McCluskey, D R, Riley, M S · Comprehensive therapy · 1992
Quick Summary
ME/CFS likely involves multiple different problems happening in the body at the same time, rather than one single cause. Most patients get sick after a viral infection, but scientists haven't found clear evidence the virus stays in the body long-term. People with ME/CFS have real physical limitations in how much exercise they can do, and they may perceive their own effort and tiredness differently than healthy people do.
Why It Matters
This perspective helped early ME/CFS research recognize the condition as complex and multifactorial rather than a single disease mechanism. Understanding that various pathways may contribute to ME/CFS has important implications for how patients are studied and treated, and validates that the same diagnosis may look different in different people.
Observed Findings
ME/CFS patients demonstrate reduced aerobic work capacity compared to healthy controls
Most patients report pyrexial (fever-associated) illness as the initiating event
Patients show altered perception of exertion levels and premorbid fitness
Symptoms characteristically fluctuate with periods of relapse and partial remission
Evidence of persisting infection or inflammatory changes in muscle/brain remains unconvincing
Inferred Conclusions
ME/CFS represents a spectrum of disorders with multiple possible pathophysiological mechanisms operating in different patients
A central disorder of sensory perception may be operational in symptom generation
Primary sleep dysfunction with reduced sensory thresholds could account for many subjective symptoms experienced by patients
Remaining Questions
What specific initiating factors determine which patients develop ME/CFS after viral illness?
What is the relative contribution of deconditioning versus primary aerobic dysfunction?

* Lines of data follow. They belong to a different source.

lemma closed_nbrs_W_disjoint_leaves:
  assumes bW: "b \<in> W" and b_leaf: "b \<notin> leaves G"
  shows "closed_nbrs H b \<inter> leaves G = {}"
proof (rule ccontr)
  assume "closed_nbrs H b \<inter> leaves G \<noteq> {}"
  then obtain y where y: "y \<in> closed_nbrs H b" and y_leaf: "y \<in> leaves G"
    by blast
  have bH: "b \<in> verts H" and leaf: "is_leaf (rho H) (sib_class H b)"
    using bW mem_W_iff[of b] by simp_all
  obtain d where d: "d \<in> closed_nbrs H b" "closed_nbrs H d \<noteq> closed_nbrs H b"
    and dominated: "closed_nbrs H b \<subseteq> closed_nbrs H d"
    and two: "\<forall>y \<in> closed_nbrs H b. closed_nbrs H y = closed_nbrs H b \<or>
          closed_nbrs H y = closed_nbrs H d"
    by (rule rho_leafE[OF undirected_H bH leaf])
  have "y \<noteq> b"
    using y_leaf b_leaf by blast
  then have "(b, y) \<in> edges G"
    using y by (simp add: mem_closed_nbrs_iff)
  then have "(y, b) \<in> edges G"
    using undirected_G unfolding undirected_graph_def sym_def by blast
  then have "nbrs G y = {b}"
    using y_leaf by (intro leaf_nbrs_eq)
  then have "closed_nbrs G y = {y, b}"
    by (simp add: closed_nbrs_def)
  moreover have "y \<in> verts H"
    using closed_nbrs_subset_verts[OF undirected_H bH] y by blast
  ultimately have "closed_nbrs H y \<subseteq> {y, b}"
    using closed_nbrs_lambda_S[of y G U] by auto
  moreover have "closed_nbrs H b \<subseteq> closed_nbrs H y"
    using two y dominated by auto
  moreover have "{y, b} \<subseteq> closed_nbrs H b"
    using y by simp
  \<comment> \<open>so y is a sibling of b and the closed neighbourhood {y, b} leaves no room for d\<close>
  ultimately have "closed_nbrs H y = closed_nbrs H b" and "d \<in> {y, b}"
    using d(1) by blast+
  with d(2) show False
    by auto
qed

lemma closed_nbrs_X_eq_H:
  assumes bW: "b \<in> W" and bX: "b \<in> verts X"
  shows "closed_nbrs X b = closed_nbrs H b"
proof -
  have bH: "b \<in> verts H" and "b \<notin> leaves G"
    using bX verts_X by auto
  then have "closed_nbrs H b \<subseteq> verts X"
    using closed_nbrs_W_disjoint_leaves[OF bW] closed_nbrs_subset_verts[OF undirected_H bH] verts_X
    by blast
  then show ?thesis
    using closed_nbrs_X[OF bX] by blast
qed
(* Naive A^1-homotopy of morphisms Spec k[M] \<rightarrow> Spec k[M], expressed on the
  corresponding k-algebra endomorphisms of k[M] (anti-equivalence of affine k-schemes
  and k-algebras; A^1 x Spec k[M] = Spec k[M][t]; restriction to {0} x X, {1} x X is
  evaluation at t = 0, 1). *)
definition naive_htpy_step :: "(('m::comm_monoid_add \<Rightarrow>\<^sub>0 'k::field) \<Rightarrow> ('m \<Rightarrow>\<^sub>0 'k)) \<Rightarrow>
    (('m \<Rightarrow>\<^sub>0 'k) \<Rightarrow> ('m \<Rightarrow>\<^sub>0 'k)) \<Rightarrow> bool" where
  "naive_htpy_step f g \<longleftrightarrow>
     (\<exists>H. kalg_hom kmon kmon_poly H \<and> (\<lambda>a. poly (H a) 0) = f \<and> (\<lambda>a. poly (H a) 1) = g)"

definition naive_A1_homotopic :: "(('m::comm_monoid_add \<Rightarrow>\<^sub>0 'k::field) \<Rightarrow> ('m \<Rightarrow>\<^sub>0 'k)) \<Rightarrow>
    (('m \<Rightarrow>\<^sub>0 'k) \<Rightarrow> ('m \<Rightarrow>\<^sub>0 'k)) \<Rightarrow> bool" where
  "naive_A1_homotopic = equivclp naive_htpy_step"

end

theory Submission
  imports Defs
begin

text \<open>
  The first identity holds because \<open>alg_ind\<close> is functorial and the composite pointed monoid map
  \<open>M\<^sup>\<times> \<rightarrow> M \<rightarrow> M\<^sup>\<times> \<union> {0}\<close> is the identity.

  For the homotopy, choose a monoid homomorphism \<open>\<phi> : M \<rightarrow> \<nat>\<close> with \<open>\<phi>\<^sup>-\<^sup>1(0) = M\<^sup>\<times>\<close>. Then
  \<open>e\<^sub>m \<mapsto> e\<^sub>m t\<^bsup>\<phi> m\<^esup>\<close> is a \<open>k\<close>-algebra map \<open>k[M] \<rightarrow> k[M][t]\<close>; at \<open>t = 1\<close> it is the identity,
  and at \<open>t = 0\<close> it keeps exactly the monomials of units, so it is \<open>i \<circ> \<pi>\<close>.

  Such a grading exists on every finitely generated cancellative commutative monoid. For generators
  \<open>g\<^sub>1, \<dots>, g\<^sub>n\<close> it is an integral weight vector which is orthogonal to the relations among the
  \<open>g\<^sub>i\<close> modulo units and to the unit generators, and positive on the non-unit generators. If no
  such vector existed, a theorem of the alternative over \<open>\<rat>\<close> (proved by Fourier--Motzkin
  elimination) would give a nonnegative combination of the non-unit coordinate vectors, with a
  positive coefficient somewhere, lying in the span of those relations; clearing denominators and
  cancelling exhibits a unit as a sum in which a non-unit generator occurs, which is impossible.
\<close>

section \<open>Rational cones and a theorem of the alternative\<close>

text \<open>Vectors of \<open>\<rat>\<^sup>n\<close> are represented by functions \<open>nat \<Rightarrow> rat\<close>; \<open>dotp n\<close> and \<open>cone_meets n\<close>
  ignore all coordinates from \<open>n\<close> on.\<close>

definition dotp :: "nat \<Rightarrow> (nat \<Rightarrow> rat) \<Rightarrow> (nat \<Rightarrow> rat) \<Rightarrow> rat" where
  "dotp n a w = (\<Sum>k<n. a k * w k)"

lemma dotp_Suc: "dotp (Suc n) a w = dotp n a w + a n * w n"
  by (simp add: dotp_def)

lemma dotp_fun_upd [simp]: "dotp n a (w(n := t)) = dotp n a w"
  by (simp add: dotp_def)

lemma dotp_linear: "dotp n (\<lambda>k. a * x k + b * y k) w = a * dotp n x w + b * dotp n y w"
  by (simp add: dotp_def algebra_simps sum.distrib sum_distrib_left)

definition rat_subspace :: "(nat \<Rightarrow> rat) set \<Rightarrow> bool" where
  "rat_subspace E \<longleftrightarrow>
     (\<lambda>k. 0) \<in> E \<and> (\<forall>x\<in>E. \<forall>y\<in>E. \<forall>a b. (\<lambda>k. a * x k + b * y k) \<in> E)"

lemma rat_subspace_lincomb:
  "rat_subspace E \<Longrightarrow> x \<in> E \<Longrightarrow> y \<in> E \<Longrightarrow> (\<lambda>k. a * x k + b * y k) \<in> E"
  unfolding rat_subspace_def by blast

definition rat_linear :: "((nat \<Rightarrow> rat) \<Rightarrow> (nat \<Rightarrow> rat)) \<Rightarrow> bool" where
  "rat_linear T \<longleftrightarrow> (\<forall>a b x y. T (\<lambda>k. a * x k + b * y k) = (\<lambda>k. a * T x k + b * T y k))"

lemma rat_linearD: "rat_linear T \<Longrightarrow> T (\<lambda>k. a * x k + b * y k) = (\<lambda>k. a * T x k + b * T y k)"
  unfolding rat_linear_def by blast

lemma rat_linear_zero: "rat_linear T \<Longrightarrow> T (\<lambda>k. 0) = (\<lambda>k. 0)"
  using rat_linearD[of T 0 _ 0] by simp

lemma rat_subspace_image:
  assumes T: "rat_linear T" and E: "rat_subspace E"
  shows "rat_subspace (T ` E)"
  unfolding rat_subspace_def
proof (intro conjI ballI allI)
  show "(\<lambda>k. 0) \<in> T ` E"
    using E rat_linear_zero[OF T] unfolding rat_subspace_def by force
next
  fix x y a b assume "x \<in> T ` E" "y \<in> T ` E"
  then obtain x' y' where "x' \<in> E" "y' \<in> E" "x = T x'" "y = T y'" by blast
  then have "(\<lambda>k. a * x k + b * y k) = T (\<lambda>k. a * x' k + b * y' k)"
    using rat_linearD[OF T] by simp
  moreover have "(\<lambda>k. a * x' k + b * y' k) \<in> E"
    using rat_subspace_lincomb[OF E] \<open>x' \<in> E\<close> \<open>y' \<in> E\<close> by blast
  ultimately show "(\<lambda>k. a * x k + b * y k) \<in> T ` E" by blast
qed

inductive_set nonneg_comb :: "(nat \<Rightarrow> rat) set \<Rightarrow> (nat \<Rightarrow> rat) set" for R where
  zero: "(\<lambda>k. 0) \<in> nonneg_comb R"
| step: "r \<in> R \<Longrightarrow> c \<ge> 0 \<Longrightarrow> u \<in> nonneg_comb R \<Longrightarrow> (\<lambda>k. c * r k + u k) \<in> nonneg_comb R"

definition pos_comb :: "(nat \<Rightarrow> rat) set \<Rightarrow> (nat \<Rightarrow> rat) set" where
  "pos_comb R = {v. \<exists>r\<in>R. \<exists>c>0. \<exists>u\<in>nonneg_comb R. v = (\<lambda>k. c * r k + u k)}"

lemma pos_combI: "r \<in> R \<Longrightarrow> c > 0 \<Longrightarrow> u \<in> nonneg_comb R \<Longrightarrow> (\<lambda>k. c * r k + u k) \<in> pos_comb R"
  unfolding pos_comb_def by blast

lemma nonneg_comb_add:
  "u \<in> nonneg_comb R \<Longrightarrow> v \<in> nonneg_comb R \<Longrightarrow> (\<lambda>k. u k + v k) \<in> nonneg_comb R"
proof (induction u rule: nonneg_comb.induct)
  case zero
  then show ?case by simp
next
  case (step r c u)
  then have "(\<lambda>k. c * r k + (u k + v k)) \<in> nonneg_comb R"
    by (intro nonneg_comb.step) auto
  then show ?case by (simp add: add.assoc)
qed

lemma nonneg_comb_scale:
  "u \<in> nonneg_comb R \<Longrightarrow> c \<ge> 0 \<Longrightarrow> (\<lambda>k. c * u k) \<in> nonneg_comb R"
proof (induction u rule: nonneg_comb.induct)
  case zero
  then show ?case by (simp add: nonneg_comb.zero)
next
  case (step r d u)
  then have "(\<lambda>k. (c * d) * r k + c * u k) \<in> nonneg_comb R"
    by (intro nonneg_comb.step) auto
  then show ?case by (simp add: algebra_simps)
qed

lemma nonneg_comb_subset:
  "u \<in> nonneg_comb R' \<Longrightarrow> R' \<subseteq> nonneg_comb R \<Longrightarrow> u \<in> nonneg_comb R"
proof (induction u rule: nonneg_comb.induct)
  case zero
  then show ?case by (simp add: nonneg_comb.zero)
next
  case (step r c u)
  then show ?case using nonneg_comb_add[OF nonneg_comb_scale] by auto
qed

lemma nonneg_comb_coord_zero:
  "u \<in> nonneg_comb R \<Longrightarrow> \<forall>r\<in>R. r n = 0 \<Longrightarrow> u n = 0"
  by (induction u rule: nonneg_comb.induct) auto

lemma nonneg_comb_image:
  assumes T: "rat_linear T"
  shows "u \<in> nonneg_comb (T ` R) \<Longrightarrow> \<exists>v\<in>nonneg_comb R. u = T v"
proof (induction u rule: nonneg_comb.induct)
  case zero
  then show ?case using rat_linear_zero[OF T] nonneg_comb.zero by metis
next
  case (step r c u)
  then obtain r' v where "r' \<in> R" "r = T r'" "v \<in> nonneg_comb R" "u = T v" by blast
  moreover from this have "(\<lambda>k. c * r k + u k) = T (\<lambda>k. c * r' k + v k)"
    using rat_linearD[OF T, of c r' 1 v] by simp
  ultimately show ?case using step.hyps(2) nonneg_comb.step by blast
qed
(* Let $G$ be a regular CERS and let $S$ be a maximal resonant set of $G$. If $F$ is an inner face of $G$ that does not belong to $S$, then some inner face adjacent to $F$ belongs to $S$.
   Context: A CERS (catacondensed even ring system) is a simple bipartite 2-connected plane graph with all interior vertices of degree 3 and all boundary vertices of degree 2 or 3, whose inner dual (graph on inner faces, adjacent iff sharing an edge) is a tree. For inner faces $F,F',F''$ with $F,F'$ sharing edge $e$ and $F',F''$ sharing edge $f$ ($F\ne F''$), the adjacent triple $(F,F',F'')$ is regular if $d_G(e,f)$ (distance in the line graph of $G$) is even. A CERS is regular if it has at most two inner faces or all adjacent triples of faces are regular. An inner face $F$ is $M$-alternating for a perfect matching $M$ if the edges of $F$ alternate in and out of $M$. A set $S$ of pairwise disjoint inner faces is a resonant set if there is a perfect matching $M$ such that every face in $S$ is $M$-alternating; it is maximal if it is maximal under inclusion among resonant sets. *)

theory Defs
  imports Main
begin

text \<open>A plane embedding of a 2-connected graph is given combinatorially by its faces:
  a finite set Fs of face labels, a boundary map bd (each face boundary is a cycle
  of G, given as a set of edges) and a distinguished outer face out.\<close>

definition simple_graph :: "'a set \<Rightarrow> 'a set set \<Rightarrow> bool" where
  "simple_graph V E \<longleftrightarrow> finite V \<and> (\<forall>e\<in>E. e \<subseteq> V \<and> card e = 2)"

definition degree :: "'a set set \<Rightarrow> 'a \<Rightarrow> nat" where
  "degree E v = card {e\<in>E. v \<in> e}"

definition walk_rel :: "'a set \<Rightarrow> 'a set set \<Rightarrow> 'a \<Rightarrow> 'a \<Rightarrow> bool" where
  "walk_rel W E u v \<longleftrightarrow> u \<in> W \<and> v \<in> W \<and> {u, v} \<in> E"

definition connected_on :: "'a set \<Rightarrow> 'a set set \<Rightarrow> bool" where
  "connected_on W E \<longleftrightarrow> W \<noteq> {} \<and> (\<forall>u\<in>W. \<forall>v\<in>W. (walk_rel W E)\<^sup>*\<^sup>* u v)"

definition two_connected :: "'a set \<Rightarrow> 'a set set \<Rightarrow> bool" where
  "two_connected V E \<longleftrightarrow> card V \<ge> 3 \<and> connected_on V E \<and>
     (\<forall>x\<in>V. connected_on (V - {x}) E)"

definition bipartite :: "'a set \<Rightarrow> 'a set set \<Rightarrow> bool" where
  "bipartite V E \<longleftrightarrow> (\<exists>c :: 'a \<Rightarrow> bool. \<forall>e\<in>E. \<forall>u\<in>e. \<forall>v\<in>e. u \<noteq> v \<longrightarrow> c u \<noteq> c v)"

definition is_cycle :: "'a set set \<Rightarrow> 'a set set \<Rightarrow> bool" where
  "is_cycle E C \<longleftrightarrow> C \<subseteq> E \<and> C \<noteq> {} \<and> finite C \<and> (\<forall>v\<in>\<Union>C. degree C v = 2) \<and>
     (\<forall>D. D \<subseteq> C \<and> D \<noteq> {} \<and> D \<noteq> C \<longrightarrow> (\<exists>e\<in>D. \<exists>f\<in>C - D. e \<inter> f \<noteq> {}))"

text \<open>Combinatorial description of a 2-connected plane graph via its facial cycles:
  every face boundary is a cycle, every edge lies on exactly two faces, around every
  vertex the faces form a single cyclic sequence (connected vertex link), and Euler's
  formula holds (so the surface obtained by gluing discs to the faces is the sphere).\<close>
definition link_rel :: "'a set set \<Rightarrow> 'f set \<Rightarrow> ('f \<Rightarrow> 'a set set) \<Rightarrow> 'a \<Rightarrow> 'a set \<Rightarrow> 'a set \<Rightarrow> bool" where
  "link_rel E Fs bd v e f \<longleftrightarrow> e \<in> E \<and> f \<in> E \<and> v \<in> e \<and> v \<in> f \<and>
     (\<exists>F\<in>Fs. e \<in> bd F \<and> f \<in> bd F)"

definition plane_faces :: "'a set \<Rightarrow> 'a set set \<Rightarrow> 'f set \<Rightarrow> ('f \<Rightarrow> 'a set set) \<Rightarrow> 'f \<Rightarrow> bool" where
  "plane_faces V E Fs bd out \<longleftrightarrow> finite Fs \<and> out \<in> Fs \<and>
     (\<forall>F\<in>Fs. is_cycle E (bd F)) \<and>
     (\<forall>e\<in>E. card {F\<in>Fs. e \<in> bd F} = 2) \<and>
     (\<forall>v\<in>V. \<forall>e\<in>E. \<forall>f\<in>E. v \<in> e \<and> v \<in> f \<longrightarrow> (link_rel E Fs bd v)\<^sup>*\<^sup>* e f) \<and>
     int (card V) - int (card E) + int (card Fs) = 2"

definition inner_faces :: "'f set \<Rightarrow> 'f \<Rightarrow> 'f set" where
  "inner_faces Fs out = Fs - {out}"

definition face_adj :: "('f \<Rightarrow> 'a set set) \<Rightarrow> 'f \<Rightarrow> 'f \<Rightarrow> bool" where
  "face_adj bd F F' \<longleftrightarrow> F \<noteq> F' \<and> bd F \<inter> bd F' \<noteq> {}"

definition is_tree :: "'b set \<Rightarrow> ('b \<Rightarrow> 'b \<Rightarrow> bool) \<Rightarrow> bool" where
  "is_tree W R \<longleftrightarrow> finite W \<and> W \<noteq> {} \<and>
     (\<forall>u\<in>W. \<forall>v\<in>W. (\<lambda>a b. a \<in> W \<and> b \<in> W \<and> R a b)\<^sup>*\<^sup>* u v) \<and>
     card {{a, b} | a b. a \<in> W \<and> b \<in> W \<and> R a b} + 1 = card W"

definition cers :: "'a set \<Rightarrow> 'a set set \<Rightarrow> 'f set \<Rightarrow> ('f \<Rightarrow> 'a set set) \<Rightarrow> 'f \<Rightarrow> bool" where
  "cers V E Fs bd out \<longleftrightarrow> simple_graph V E \<and> bipartite V E \<and> two_connected V E \<and>
     plane_faces V E Fs bd out \<and>
     (\<forall>v\<in>V - \<Union>(bd out). degree E v = 3) \<and>
     (\<forall>v\<in>V \<inter> \<Union>(bd out). degree E v = 2 \<or> degree E v = 3) \<and>
     is_tree (inner_faces Fs out) (face_adj bd)"

definition line_adj :: "'a set set \<Rightarrow> 'a set \<Rightarrow> 'a set \<Rightarrow> bool" where
  "line_adj E e f \<longleftrightarrow> e \<in> E \<and> f \<in> E \<and> e \<noteq> f \<and> e \<inter> f \<noteq> {}"

definition line_dist :: "'a set set \<Rightarrow> 'a set \<Rightarrow> 'a set \<Rightarrow> nat" where
  "line_dist E e f = (LEAST n. (line_adj E ^^ n) e f)"

definition regular_cers :: "'a set \<Rightarrow> 'a set set \<Rightarrow> 'f set \<Rightarrow> ('f \<Rightarrow> 'a set set) \<Rightarrow> 'f \<Rightarrow> bool" where
  "regular_cers V E Fs bd out \<longleftrightarrow> cers V E Fs bd out \<and>
     (card (inner_faces Fs out) \<le> 2 \<or>
      (\<forall>F\<in>inner_faces Fs out. \<forall>F'\<in>inner_faces Fs out. \<forall>F''\<in>inner_faces Fs out. \<forall>e f.
         F \<noteq> F' \<and> F' \<noteq> F'' \<and> F \<noteq> F'' \<and> e \<in> bd F \<and> e \<in> bd F' \<and> f \<in> bd F' \<and> f \<in> bd F''
         \<longrightarrow> even (line_dist E e f)))"

definition perfect_matching :: "'a set \<Rightarrow> 'a set set \<Rightarrow> 'a set set \<Rightarrow> bool" where
  "perfect_matching V E M \<longleftrightarrow> M \<subseteq> E \<and> (\<forall>v\<in>V. degree M v = 1)"

text \<open>The edges of the facial cycle of F alternate in and out of M: every vertex of
  the cycle is incident with exactly one of its two cycle edges lying in M.\<close>
definition M_alternating :: "('f \<Rightarrow> 'a set set) \<Rightarrow> 'a set set \<Rightarrow> 'f \<Rightarrow> bool" where
  "M_alternating bd M F \<longleftrightarrow> (\<forall>v\<in>\<Union>(bd F). card {e \<in> bd F \<inter> M. v \<in> e} = 1)"

definition resonant_set :: "'a set \<Rightarrow> 'a set set \<Rightarrow> 'f set \<Rightarrow> ('f \<Rightarrow> 'a set set) \<Rightarrow> 'f \<Rightarrow> 'f set \<Rightarrow> bool" where
  "resonant_set V E Fs bd out S \<longleftrightarrow> S \<subseteq> inner_faces Fs out \<and>
     (\<forall>F\<in>S. \<forall>F'\<in>S. F \<noteq> F' \<longrightarrow> \<Union>(bd F) \<inter> \<Union>(bd F') = {}) \<and>
     (\<exists>M. perfect_matching V E M \<and> (\<forall>F\<in>S. M_alternating bd M F))"

definition maximal_resonant_set :: "'a set \<Rightarrow> 'a set set \<Rightarrow> 'f set \<Rightarrow> ('f \<Rightarrow> 'a set set) \<Rightarrow> 'f \<Rightarrow> 'f set \<Rightarrow> bool" where
  "maximal_resonant_set V E Fs bd out S \<longleftrightarrow> resonant_set V E Fs bd out S \<and>
     (\<forall>S'. resonant_set V E Fs bd out S' \<and> S \<subseteq> S' \<longrightarrow> S' = S)"

end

Does a primary sleep disorder operate in ME/CFS, and if so, what is its role in sensory perception changes?
What This Study Does Not Prove
This editorial does not present original experimental data, so it cannot prove causation for any proposed mechanism. It cannot establish whether reduced aerobic capacity is primary or secondary to inactivity, nor can it confirm the role of sleep dysfunction in symptom generation without specific sleep studies. The absence of convincing evidence for persistent infection does not prove infection plays no role in initial disease triggering.